--- Problem ---
Show each line of the records below where the word "auto" occurs.

:: Data supplied

lemma voc_of_graph:
  assumes J: "0 \<le> J" "0 \<le> A" and G: "psi_graph \<beta> \<gamma> \<gamma>s \<mu> l m J A p f"
  shows "continuous_on {0..m} p" "(\<lambda>s. z * p s - f s) absolutely_integrable_on {0..m}"
    "\<And>x. x \<in> {0..m} \<Longrightarrow> p x = voc (drift J A z) (source J A (\<lambda>s. z * p s - f s)) (p 0) x"
proof -
  define N where "N q = {s\<in>{0..m}. f s \<noteq>
           - (complex_of_real (\<gamma>s s J A) * p s + complex_of_real (\<gamma> s J A) * q s)
           - complex_of_real (\<mu> s J A) * p s}" for q
  from G obtain q where fi: "f absolutely_integrable_on {0..m}"
    and qi: "q absolutely_integrable_on {0..m}"
    and qeq: "\<And>x. x\<in>{0..m} \<Longrightarrow> p x = p 0 + integral {0..x} q"
    and neg: "negligible (N q)"
    unfolding psi_graph_def N_def by blast
  have qint: "q integrable_on {0..m}" using qi absolutely_integrable_on_def by blast
  show pc: "continuous_on {0..m} p"
  proof (rule continuous_on_eq[of _ "\<lambda>x. p 0 + integral {0..x} q"])
    show "continuous_on {0..m} (\<lambda>x. p 0 + integral {0..x} q)"
      by (intro continuous_intros indefinite_integral_continuous_1[OF qint])
    show "\<And>x. x \<in> {0..m} \<Longrightarrow> p 0 + integral {0..x} q = p x" using qeq by metis
  qed
  define g where "g = (\<lambda>s. z * p s - f s)"
  show gi: "(\<lambda>s. z * p s - f s) absolutely_integrable_on {0..m}"
    by (intro set_integral_diff(1) fi absolutely_integrable_continuous_real continuous_intros pc)
  define a where "a = drift J A z"
  define b where "b = source J A g"
  have ac: "continuous_on {0..m} a" unfolding a_def by (rule drift_continuous[OF J])
  have bi: "b integrable_on {0..m}"
    using source_absolutely_integrable[OF J gi] absolutely_integrable_on_def unfolding b_def g_def by blast
  have qa: "q t = a t * p t + b t" if t: "t \<in> {0..m} - N q" for t
  proof -
    have tm: "t \<in> {0..m}" using t by auto
    have "f t = - (complex_of_real (\<gamma>s t J A) * p t + complex_of_real (\<gamma> t J A) * q t)
           - complex_of_real (\<mu> t J A) * p t"
      using t by (simp add: N_def)
    then show ?thesis
      unfolding psi_pointwise_iff[OF tm J, where z = z] by (simp add: a_def b_def g_def source_def)
  qed
  have eq: "p x = p 0 + integral {0..x} (\<lambda>t. a t * p t + b t)" if x: "x \<in> {0..m}" for x
  proof -
    have "integral {0..x} q = integral {0..x} (\<lambda>t. a t * p t + b t)"
      by (rule integral_spike[OF neg]) (use x qa in auto)
    then show ?thesis using qeq[OF x] by metis
  qed
  fix x assume x: "x \<in> {0..m}"
  show "p x = voc (drift J A z) (source J A (\<lambda>s. z * p s - f s)) (p 0) x"
    using voc_unique[OF ac bi pc eq x] by (simp add: a_def b_def g_def)
qed

text \<open>Cumulative hazard including a growth rate c, survival probability, and net
  reproduction number R(J,A,c); for real c these are the real forms of
  prim (drift J A c), exp (prim (drift J A c)) and reproduction_cplx.\<close>
definition hazard :: "real \<Rightarrow> real \<Rightarrow> real \<Rightarrow> real \<Rightarrow> real" where
  "hazard J A c s = integral {0..s} (\<lambda>t. (\<gamma>s t J A + \<mu> t J A + c) / \<gamma> t J A)"

definition survival :: "real \<Rightarrow> real \<Rightarrow> real \<Rightarrow> real \<Rightarrow> real" where
  "survival J A c s = exp (- hazard J A c s)"

definition reproduction :: "real \<Rightarrow> real \<Rightarrow> real \<Rightarrow> real" where
  "reproduction J A c = integral {l..m} (\<lambda>s. \<beta> s J A * survival J A c s)"

definition reproduction_cplx :: "real \<Rightarrow> real \<Rightarrow> complex \<Rightarrow> complex" where
  "reproduction_cplx J A z = integral {l..m} (\<lambda>s. complex_of_real (\<beta> s J A) * exp (prim (drift J A z) s))"

lemma hazard_integrand_continuous:
  assumes J: "0 \<le> J" "0 \<le> A"
  shows "continuous_on {0..m} (\<lambda>t. (\<gamma>s t J A + \<mu> t J A + c) / \<gamma> t J A)"
  using coefficients_continuous[OF J] by (intro continuous_intros) (auto simp: \<gamma>_ne J)

lemma survival_continuous:
  assumes J: "0 \<le> J" "0 \<le> A"
  shows "continuous_on {0..m} (survival J A c)"
proof -
  have "continuous_on {0..m} (hazard J A c)"
    unfolding hazard_def[abs_def]
    by (rule indefinite_integral_continuous_1[OF integrable_continuous_interval[OF hazard_integrand_continuous[OF J]]])
  then show ?thesis unfolding survival_def[abs_def] by (intro continuous_intros)
qed

lemma survival_pos: "0 < survival J A c s"
  by (simp add: survival_def)

lemma exp_prim_drift_real:
  assumes J: "0 \<le> J" "0 \<le> A" and s: "s \<in> {0..m}"
  shows "exp (prim (drift J A (complex_of_real c)) s) = complex_of_real (survival J A c s)"
proof -
  have sub: "{0..s} \<subseteq> {0..m}" using s by auto
  have i: "(\<lambda>t. - ((\<gamma>s t J A + \<mu> t J A + c) / \<gamma> t J A)) integrable_on {0..s}"
    by (intro integrable_neg integrable_continuous_interval
          continuous_on_subset[OF hazard_integrand_continuous[OF J] sub])
  have "drift J A (complex_of_real c) = complex_of_real \<circ> (\<lambda>t. - ((\<gamma>s t J A + \<mu> t J A + c) / \<gamma> t J A))"
    by (simp add: fun_eq_iff drift_def minus_divide_left)
  then have "prim (drift J A (complex_of_real c)) s
      = complex_of_real (integral {0..s} (\<lambda>t. - ((\<gamma>s t J A + \<mu> t J A + c) / \<gamma> t J A)))"
    unfolding prim_def by (simp only: integral_linear[OF i bounded_linear_of_real])
  also have "\<dots> = complex_of_real (- hazard J A c s)"
    by (simp add: hazard_def)
  finally show ?thesis by (simp add: survival_def flip: exp_of_real)
qed

lemma norm_exp_prim_drift_le:
  assumes J: "0 \<le> J" "0 \<le> A" and s: "s \<in> {0..m}" and z: "0 \<le> Re z"
  shows "norm (exp (prim (drift J A z) s)) \<le> survival J A 0 s"
proof -
  have sub: "{0..s} \<subseteq> {0..m}" using s by auto
  have ai: "drift J A z integrable_on {0..s}"
    by (rule integrable_continuous_interval[OF continuous_on_subset[OF drift_continuous[OF J] sub]])
  have ki: "(\<lambda>t. - ((\<gamma>s t J A + \<mu> t J A + 0) / \<gamma> t J A)) integrable_on {0..s}"
    by (intro integrable_neg integrable_continuous_interval
          continuous_on_subset[OF hazard_integrand_continuous[OF J] sub])
  have "Re (prim (drift J A z) s) = integral {0..s} (Re \<circ> drift J A z)"
    unfolding prim_def by (rule integral_linear[OF ai bounded_linear_Re, symmetric])
  also have "\<dots> \<le> integral {0..s} (\<lambda>t. - ((\<gamma>s t J A + \<mu> t J A + 0) / \<gamma> t J A))"
  proof (rule integral_le[OF integrable_linear[OF ai bounded_linear_Re] ki])
    fix t assume "t \<in> {0..s}"
    then have gp: "0 < \<gamma> t J A" using sub \<gamma>_pos[OF _ J] by auto
    have "(Re \<circ> drift J A z) t = - ((\<gamma>s t J A + \<mu> t J A + Re z) / \<gamma> t J A)"
      unfolding drift_def o_def by (simp add: Re_divide_of_real minus_divide_left)
    also have "\<dots> \<le> - ((\<gamma>s t J A + \<mu> t J A + 0) / \<gamma> t J A)"
      using z gp by (simp add: divide_right_mono)
    finally show "(Re \<circ> drift J A z) t \<le> - ((\<gamma>s t J A + \<mu> t J A + 0) / \<gamma> t J A)" .
  qed
  also have "\<dots> = - hazard J A 0 s" unfolding hazard_def by (rule integral_neg)
  finally show ?thesis by (simp add: survival_def)
qed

::::

--- Exercise output ---
    have tm: "t \<in> {0..m}" using t by auto
      by (rule integral_spike[OF neg]) (use x qa in auto)
  using coefficients_continuous[OF J] by (intro continuous_intros) (auto simp: \<gamma>_ne J)
  have sub: "{0..s} \<subseteq> {0..m}" using s by auto
  have sub: "{0..s} \<subseteq> {0..m}" using s by auto
    then have gp: "0 < \<gamma> t J A" using sub \<gamma>_pos[OF _ J] by auto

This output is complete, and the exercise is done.